WORK REQUEST:
State how many lines below hold the word "auto". Give that number and no other text.

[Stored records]
lemma solves_lcl_decoded: "solves_lcl Sin Sout C r V E i decoded_out"
  unfolding solves_lcl_def using decoded_out_in_Sout ball_iso_decoded by blast

end

lemma solves_lcl_decode:
  assumes "inj_on enc (label_space \<Delta> r Sin Sout)" and "bd_tree \<Delta> V E"
    and "solves_necp Sout' (node_constraints \<Delta> Sin Sout C r enc)
        (edge_constraints \<Delta> Sin Sout r enc) V E i o'"
  shows "solves_lcl Sin Sout C r V E i (decode \<Delta> r Sin Sout enc V E (\<lambda>h. (i h, o' h)))"
proof -
  interpret necp_decoding \<Delta> r Sin Sout C enc Sout' V E i o'
    using assms by unfold_locales
  show ?thesis
    using solves_lcl_decoded unfolding decoded_out_def decoded_def decode_def by simp
qed

theorem claim4p3:
  "\<exists>c::nat. \<forall>(Sin :: 'i set) (Sout :: 'o set) C r \<Delta>. is_lcl Sin Sout C r \<longrightarrow>
     (\<exists>(Sout' :: nat set) CW CB. is_necp Sin Sout' CW CB
        \<and> (\<exists>T A. T \<le> c * (r + 1) \<and> local_alg \<Delta> T A
             \<and> (\<forall>V E i o'. bd_tree \<Delta> V E \<and> inputs_in Sin E i \<and> solves_necp Sout' CW CB V E i o'
                  \<longrightarrow> solves_lcl Sin Sout C r V E i (A V E (\<lambda>h. (i h, o' h)))))
        \<and> (\<exists>T B. T \<le> c * (r + 1) \<and> local_alg \<Delta> T B
             \<and> (\<forall>V E i out. bd_tree \<Delta> V E \<and> inputs_in Sin E i \<and> solves_lcl Sin Sout C r V E i out
                  \<longrightarrow> solves_necp Sout' CW CB V E i (B V E (\<lambda>h. (i h, out h))))))"
  apply (intro exI[of _ 3] allI impI)
  subgoal premises lcl for Sin Sout C r \<Delta>
  proof -
    have fin: "finite Sin" "finite Sout" using lcl unfolding is_lcl_def by auto
    obtain enc :: "('i, 'o) label \<Rightarrow> nat" where enc: "inj_on enc (label_space \<Delta> r Sin Sout)"
      using finite_imp_inj_to_nat_seg[OF finite_label_space[OF fin]] by blast
    show ?thesis
      apply (rule exI[of _ "enc ` label_space \<Delta> r Sin Sout"],
          rule exI[of _ "node_constraints \<Delta> Sin Sout C r enc"],
          rule exI[of _ "edge_constraints \<Delta> Sin Sout r enc"], intro conjI)
      subgoal by (rule is_necp_constraints[OF fin])
      subgoal
        using local_alg_decode solves_lcl_decode[OF enc]
        by (intro exI[of _ 1] exI[of _ "decode \<Delta> r Sin Sout enc"] conjI allI impI) auto
      subgoal
        using local_alg_encode solves_necp_encode
        by (intro exI[of _ "r + 2"] exI[of _ "encode r enc"] conjI allI impI) auto
      done
  qed
  done

end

RESPONSE TO THIS TASK:
3